* WORK REQUEST *
The string "induction" appears in some lines of the entries that follow; copy each such line.
━━ DATA EXTRACTS
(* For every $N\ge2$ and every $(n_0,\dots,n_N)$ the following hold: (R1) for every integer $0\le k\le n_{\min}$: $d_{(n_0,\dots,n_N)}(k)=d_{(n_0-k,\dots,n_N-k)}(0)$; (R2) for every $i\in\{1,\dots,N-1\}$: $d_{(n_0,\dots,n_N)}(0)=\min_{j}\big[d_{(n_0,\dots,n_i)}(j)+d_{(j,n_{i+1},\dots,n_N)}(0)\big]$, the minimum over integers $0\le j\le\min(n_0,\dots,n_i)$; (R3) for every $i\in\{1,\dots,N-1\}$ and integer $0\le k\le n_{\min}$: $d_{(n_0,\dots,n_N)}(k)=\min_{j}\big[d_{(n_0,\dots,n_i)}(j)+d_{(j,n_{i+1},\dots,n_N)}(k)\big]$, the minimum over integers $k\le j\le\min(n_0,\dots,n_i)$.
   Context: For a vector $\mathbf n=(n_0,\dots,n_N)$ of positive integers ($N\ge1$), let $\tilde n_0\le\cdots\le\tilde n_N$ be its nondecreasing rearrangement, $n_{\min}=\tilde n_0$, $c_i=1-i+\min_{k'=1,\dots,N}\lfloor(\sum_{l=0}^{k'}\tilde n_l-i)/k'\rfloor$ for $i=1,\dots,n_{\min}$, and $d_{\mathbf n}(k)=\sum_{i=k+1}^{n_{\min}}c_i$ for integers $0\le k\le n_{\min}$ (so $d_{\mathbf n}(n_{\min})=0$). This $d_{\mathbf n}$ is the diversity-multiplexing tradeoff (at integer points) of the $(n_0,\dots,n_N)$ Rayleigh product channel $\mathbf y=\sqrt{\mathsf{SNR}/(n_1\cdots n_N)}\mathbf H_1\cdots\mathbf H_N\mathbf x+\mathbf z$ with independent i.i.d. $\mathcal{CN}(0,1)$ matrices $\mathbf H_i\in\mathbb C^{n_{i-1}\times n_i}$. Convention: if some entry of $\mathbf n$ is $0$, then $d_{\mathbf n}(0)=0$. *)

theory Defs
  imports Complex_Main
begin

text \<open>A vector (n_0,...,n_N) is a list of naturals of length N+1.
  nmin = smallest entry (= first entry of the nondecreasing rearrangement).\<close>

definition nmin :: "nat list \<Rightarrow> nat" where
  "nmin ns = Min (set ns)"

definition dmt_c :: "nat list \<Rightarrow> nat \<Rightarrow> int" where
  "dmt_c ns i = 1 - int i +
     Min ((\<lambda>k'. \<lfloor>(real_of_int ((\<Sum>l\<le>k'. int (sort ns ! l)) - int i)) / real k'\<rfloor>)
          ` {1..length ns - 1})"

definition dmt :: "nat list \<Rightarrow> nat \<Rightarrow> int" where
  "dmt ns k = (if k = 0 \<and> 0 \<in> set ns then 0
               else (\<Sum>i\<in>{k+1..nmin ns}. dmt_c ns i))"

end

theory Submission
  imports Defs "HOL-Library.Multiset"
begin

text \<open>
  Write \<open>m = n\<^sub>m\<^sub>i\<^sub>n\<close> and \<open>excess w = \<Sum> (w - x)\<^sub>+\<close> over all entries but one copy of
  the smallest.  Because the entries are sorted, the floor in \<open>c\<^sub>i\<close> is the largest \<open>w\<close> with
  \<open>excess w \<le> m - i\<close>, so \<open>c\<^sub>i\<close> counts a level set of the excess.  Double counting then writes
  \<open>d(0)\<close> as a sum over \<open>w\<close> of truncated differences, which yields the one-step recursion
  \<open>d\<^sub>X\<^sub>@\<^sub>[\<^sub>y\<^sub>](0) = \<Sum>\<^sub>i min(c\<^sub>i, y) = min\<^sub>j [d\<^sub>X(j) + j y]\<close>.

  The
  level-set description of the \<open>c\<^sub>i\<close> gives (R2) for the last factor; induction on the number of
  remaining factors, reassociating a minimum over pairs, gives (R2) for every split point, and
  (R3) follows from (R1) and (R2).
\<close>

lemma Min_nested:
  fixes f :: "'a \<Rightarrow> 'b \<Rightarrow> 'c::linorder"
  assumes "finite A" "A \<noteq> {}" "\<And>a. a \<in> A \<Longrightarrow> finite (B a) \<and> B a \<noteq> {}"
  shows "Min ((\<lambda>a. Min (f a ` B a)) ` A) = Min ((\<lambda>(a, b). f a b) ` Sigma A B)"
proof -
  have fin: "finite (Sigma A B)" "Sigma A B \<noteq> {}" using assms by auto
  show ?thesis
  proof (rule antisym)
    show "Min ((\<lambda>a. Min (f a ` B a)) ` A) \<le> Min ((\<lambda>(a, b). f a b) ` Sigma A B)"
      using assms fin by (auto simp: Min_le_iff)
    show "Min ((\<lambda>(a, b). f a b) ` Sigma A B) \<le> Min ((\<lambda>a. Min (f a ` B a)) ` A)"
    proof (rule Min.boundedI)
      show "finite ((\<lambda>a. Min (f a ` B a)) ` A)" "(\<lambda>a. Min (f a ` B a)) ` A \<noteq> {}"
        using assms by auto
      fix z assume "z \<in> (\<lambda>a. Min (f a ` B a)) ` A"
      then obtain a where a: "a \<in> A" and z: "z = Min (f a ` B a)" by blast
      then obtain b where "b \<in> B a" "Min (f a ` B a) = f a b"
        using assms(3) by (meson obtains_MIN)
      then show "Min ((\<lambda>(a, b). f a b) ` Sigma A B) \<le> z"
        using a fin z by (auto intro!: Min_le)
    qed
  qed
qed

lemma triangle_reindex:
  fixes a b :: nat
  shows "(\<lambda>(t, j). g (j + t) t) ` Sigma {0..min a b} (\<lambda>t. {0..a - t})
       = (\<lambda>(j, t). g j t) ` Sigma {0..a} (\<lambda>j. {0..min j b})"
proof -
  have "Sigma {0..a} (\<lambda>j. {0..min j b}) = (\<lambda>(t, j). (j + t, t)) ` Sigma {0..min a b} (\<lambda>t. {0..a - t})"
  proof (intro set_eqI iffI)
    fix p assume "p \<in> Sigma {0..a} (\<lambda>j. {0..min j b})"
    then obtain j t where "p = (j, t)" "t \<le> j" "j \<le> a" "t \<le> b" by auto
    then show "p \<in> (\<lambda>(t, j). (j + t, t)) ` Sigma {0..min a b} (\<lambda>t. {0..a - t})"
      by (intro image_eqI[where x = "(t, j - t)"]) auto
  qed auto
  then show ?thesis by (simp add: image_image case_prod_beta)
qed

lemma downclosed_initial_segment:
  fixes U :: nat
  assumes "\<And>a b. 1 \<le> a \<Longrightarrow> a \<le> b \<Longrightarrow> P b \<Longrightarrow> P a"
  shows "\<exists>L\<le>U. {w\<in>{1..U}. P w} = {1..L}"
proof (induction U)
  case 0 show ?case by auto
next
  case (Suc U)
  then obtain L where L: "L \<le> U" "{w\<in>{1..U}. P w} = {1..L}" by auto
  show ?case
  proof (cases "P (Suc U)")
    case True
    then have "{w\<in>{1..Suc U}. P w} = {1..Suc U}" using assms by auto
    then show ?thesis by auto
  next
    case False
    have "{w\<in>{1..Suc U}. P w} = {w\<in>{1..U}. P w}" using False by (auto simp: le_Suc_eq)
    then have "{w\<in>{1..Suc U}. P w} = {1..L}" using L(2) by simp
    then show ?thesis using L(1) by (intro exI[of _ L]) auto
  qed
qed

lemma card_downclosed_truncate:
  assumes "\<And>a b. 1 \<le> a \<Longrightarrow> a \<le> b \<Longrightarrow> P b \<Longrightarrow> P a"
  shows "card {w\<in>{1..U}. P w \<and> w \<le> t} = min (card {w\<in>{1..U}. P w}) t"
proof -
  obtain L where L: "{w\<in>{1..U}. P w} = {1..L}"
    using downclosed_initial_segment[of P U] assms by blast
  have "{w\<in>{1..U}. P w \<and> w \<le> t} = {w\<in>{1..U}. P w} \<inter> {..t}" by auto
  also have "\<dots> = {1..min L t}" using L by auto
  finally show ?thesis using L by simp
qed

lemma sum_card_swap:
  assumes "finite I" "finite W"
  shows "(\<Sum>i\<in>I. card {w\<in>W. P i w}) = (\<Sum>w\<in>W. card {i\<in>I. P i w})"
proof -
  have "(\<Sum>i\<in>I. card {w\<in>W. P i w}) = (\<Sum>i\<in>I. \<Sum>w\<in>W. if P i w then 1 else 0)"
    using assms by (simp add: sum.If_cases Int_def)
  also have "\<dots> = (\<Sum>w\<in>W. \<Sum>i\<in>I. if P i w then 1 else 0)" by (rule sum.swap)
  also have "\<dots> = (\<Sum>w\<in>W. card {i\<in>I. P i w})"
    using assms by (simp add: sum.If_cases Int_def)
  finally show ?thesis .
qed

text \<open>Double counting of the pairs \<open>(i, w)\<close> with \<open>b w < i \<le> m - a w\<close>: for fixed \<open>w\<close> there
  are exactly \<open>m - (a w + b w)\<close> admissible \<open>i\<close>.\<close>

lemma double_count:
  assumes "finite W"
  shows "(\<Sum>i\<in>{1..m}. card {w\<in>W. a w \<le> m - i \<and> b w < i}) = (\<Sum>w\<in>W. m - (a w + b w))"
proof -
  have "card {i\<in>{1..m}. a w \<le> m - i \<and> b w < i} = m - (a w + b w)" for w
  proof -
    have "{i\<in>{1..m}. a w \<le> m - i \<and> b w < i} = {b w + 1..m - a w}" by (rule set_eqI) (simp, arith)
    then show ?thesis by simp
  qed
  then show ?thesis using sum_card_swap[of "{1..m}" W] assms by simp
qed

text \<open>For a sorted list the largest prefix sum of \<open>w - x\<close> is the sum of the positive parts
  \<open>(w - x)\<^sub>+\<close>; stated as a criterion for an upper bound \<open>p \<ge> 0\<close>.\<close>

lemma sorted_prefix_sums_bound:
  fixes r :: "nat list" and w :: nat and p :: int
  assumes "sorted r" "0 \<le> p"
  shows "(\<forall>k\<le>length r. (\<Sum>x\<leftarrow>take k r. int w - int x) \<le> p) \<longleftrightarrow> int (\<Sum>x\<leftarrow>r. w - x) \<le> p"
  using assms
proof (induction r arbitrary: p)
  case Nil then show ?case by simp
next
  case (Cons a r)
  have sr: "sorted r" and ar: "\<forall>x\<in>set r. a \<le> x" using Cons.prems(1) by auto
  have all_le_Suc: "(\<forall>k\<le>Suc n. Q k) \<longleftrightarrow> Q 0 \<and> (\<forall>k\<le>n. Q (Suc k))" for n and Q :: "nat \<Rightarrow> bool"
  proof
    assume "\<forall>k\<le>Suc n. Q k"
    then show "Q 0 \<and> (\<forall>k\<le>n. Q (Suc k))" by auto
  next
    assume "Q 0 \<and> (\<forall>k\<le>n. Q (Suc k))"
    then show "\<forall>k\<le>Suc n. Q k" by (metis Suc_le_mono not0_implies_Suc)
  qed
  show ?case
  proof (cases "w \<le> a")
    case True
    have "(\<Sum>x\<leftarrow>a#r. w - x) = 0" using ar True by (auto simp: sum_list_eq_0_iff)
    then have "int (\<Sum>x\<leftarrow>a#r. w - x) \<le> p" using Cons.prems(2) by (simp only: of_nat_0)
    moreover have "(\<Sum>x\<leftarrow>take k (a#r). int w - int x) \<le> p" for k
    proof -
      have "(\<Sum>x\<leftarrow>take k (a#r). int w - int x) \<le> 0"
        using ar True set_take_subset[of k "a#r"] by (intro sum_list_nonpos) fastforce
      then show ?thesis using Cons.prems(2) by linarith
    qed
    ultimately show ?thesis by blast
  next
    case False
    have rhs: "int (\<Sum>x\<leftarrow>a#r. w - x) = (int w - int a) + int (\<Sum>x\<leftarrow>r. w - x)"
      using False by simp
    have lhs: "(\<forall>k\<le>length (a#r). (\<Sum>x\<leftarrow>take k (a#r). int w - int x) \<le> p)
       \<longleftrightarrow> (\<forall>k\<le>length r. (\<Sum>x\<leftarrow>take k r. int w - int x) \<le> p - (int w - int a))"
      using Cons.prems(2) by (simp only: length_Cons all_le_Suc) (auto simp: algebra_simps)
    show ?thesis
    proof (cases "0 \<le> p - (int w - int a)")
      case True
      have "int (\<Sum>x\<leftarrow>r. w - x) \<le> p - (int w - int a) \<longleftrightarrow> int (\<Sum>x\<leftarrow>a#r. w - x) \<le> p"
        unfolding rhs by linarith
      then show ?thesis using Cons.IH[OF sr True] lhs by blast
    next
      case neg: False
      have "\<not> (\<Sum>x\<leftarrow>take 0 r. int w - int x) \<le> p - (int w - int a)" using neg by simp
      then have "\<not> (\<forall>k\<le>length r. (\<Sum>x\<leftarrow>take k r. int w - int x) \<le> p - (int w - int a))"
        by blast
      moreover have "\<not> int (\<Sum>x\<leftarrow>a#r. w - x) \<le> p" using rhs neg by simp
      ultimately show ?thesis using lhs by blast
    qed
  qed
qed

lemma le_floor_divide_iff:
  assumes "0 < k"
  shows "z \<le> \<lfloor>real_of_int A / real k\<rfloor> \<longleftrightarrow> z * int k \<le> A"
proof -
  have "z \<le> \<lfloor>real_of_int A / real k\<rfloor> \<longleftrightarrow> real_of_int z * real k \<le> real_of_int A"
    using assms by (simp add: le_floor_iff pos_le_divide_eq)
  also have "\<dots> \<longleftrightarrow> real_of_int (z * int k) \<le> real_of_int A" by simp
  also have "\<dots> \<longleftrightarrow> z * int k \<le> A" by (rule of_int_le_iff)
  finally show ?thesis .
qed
━━━━
━━ DATA EXTRACTS
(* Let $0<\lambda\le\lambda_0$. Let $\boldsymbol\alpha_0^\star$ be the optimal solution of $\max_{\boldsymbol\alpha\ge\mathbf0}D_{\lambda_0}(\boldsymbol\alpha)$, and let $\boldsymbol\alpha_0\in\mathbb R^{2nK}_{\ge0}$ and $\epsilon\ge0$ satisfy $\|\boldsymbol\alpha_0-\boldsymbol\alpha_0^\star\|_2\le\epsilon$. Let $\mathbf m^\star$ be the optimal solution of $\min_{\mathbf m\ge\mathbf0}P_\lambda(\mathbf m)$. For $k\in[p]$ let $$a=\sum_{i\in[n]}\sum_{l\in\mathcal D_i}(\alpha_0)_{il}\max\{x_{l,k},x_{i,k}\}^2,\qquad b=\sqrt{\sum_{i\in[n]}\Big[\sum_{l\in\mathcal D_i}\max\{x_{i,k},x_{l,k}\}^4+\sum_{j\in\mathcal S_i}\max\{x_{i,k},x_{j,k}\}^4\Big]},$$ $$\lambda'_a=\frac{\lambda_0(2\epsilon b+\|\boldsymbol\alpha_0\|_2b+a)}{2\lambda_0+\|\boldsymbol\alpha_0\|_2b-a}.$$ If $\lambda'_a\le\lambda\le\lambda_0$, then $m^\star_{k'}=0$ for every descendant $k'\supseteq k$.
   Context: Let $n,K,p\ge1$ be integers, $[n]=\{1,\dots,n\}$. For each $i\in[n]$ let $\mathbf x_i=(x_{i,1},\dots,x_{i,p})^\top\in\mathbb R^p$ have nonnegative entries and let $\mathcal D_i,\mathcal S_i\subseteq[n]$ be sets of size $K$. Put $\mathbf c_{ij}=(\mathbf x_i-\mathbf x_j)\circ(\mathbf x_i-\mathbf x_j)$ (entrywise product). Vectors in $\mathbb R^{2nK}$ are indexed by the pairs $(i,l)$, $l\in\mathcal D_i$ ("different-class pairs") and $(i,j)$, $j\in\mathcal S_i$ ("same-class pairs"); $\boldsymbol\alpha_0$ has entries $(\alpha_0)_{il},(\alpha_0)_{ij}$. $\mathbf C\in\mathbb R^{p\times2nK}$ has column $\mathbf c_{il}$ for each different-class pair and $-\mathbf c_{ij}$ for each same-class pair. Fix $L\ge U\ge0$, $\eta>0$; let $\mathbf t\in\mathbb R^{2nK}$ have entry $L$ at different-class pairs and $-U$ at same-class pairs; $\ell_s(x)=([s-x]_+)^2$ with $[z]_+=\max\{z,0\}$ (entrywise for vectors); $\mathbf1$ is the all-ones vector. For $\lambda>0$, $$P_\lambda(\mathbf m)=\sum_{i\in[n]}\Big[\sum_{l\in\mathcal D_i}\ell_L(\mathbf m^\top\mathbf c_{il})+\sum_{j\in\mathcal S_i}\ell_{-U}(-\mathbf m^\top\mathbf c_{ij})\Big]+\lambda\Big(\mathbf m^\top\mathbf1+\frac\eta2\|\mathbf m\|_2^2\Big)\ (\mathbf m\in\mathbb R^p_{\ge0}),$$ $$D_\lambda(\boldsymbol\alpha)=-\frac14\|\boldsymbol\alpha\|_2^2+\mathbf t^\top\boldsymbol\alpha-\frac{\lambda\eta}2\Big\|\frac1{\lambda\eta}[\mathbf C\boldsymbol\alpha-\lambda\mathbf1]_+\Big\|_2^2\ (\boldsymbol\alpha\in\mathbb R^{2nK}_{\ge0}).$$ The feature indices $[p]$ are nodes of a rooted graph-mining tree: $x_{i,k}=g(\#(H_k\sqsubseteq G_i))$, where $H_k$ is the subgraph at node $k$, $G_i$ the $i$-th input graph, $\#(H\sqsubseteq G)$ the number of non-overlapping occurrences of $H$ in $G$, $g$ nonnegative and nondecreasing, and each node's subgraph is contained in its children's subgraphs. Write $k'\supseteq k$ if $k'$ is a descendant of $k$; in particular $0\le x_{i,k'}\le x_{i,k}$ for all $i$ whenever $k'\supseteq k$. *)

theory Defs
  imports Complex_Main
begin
━━━━
* TASK RESULT *
  level-set description of the \<open>c\<^sub>i\<close> gives (R2) for the last factor; induction on the number of
proof (induction U)
proof (induction r arbitrary: p)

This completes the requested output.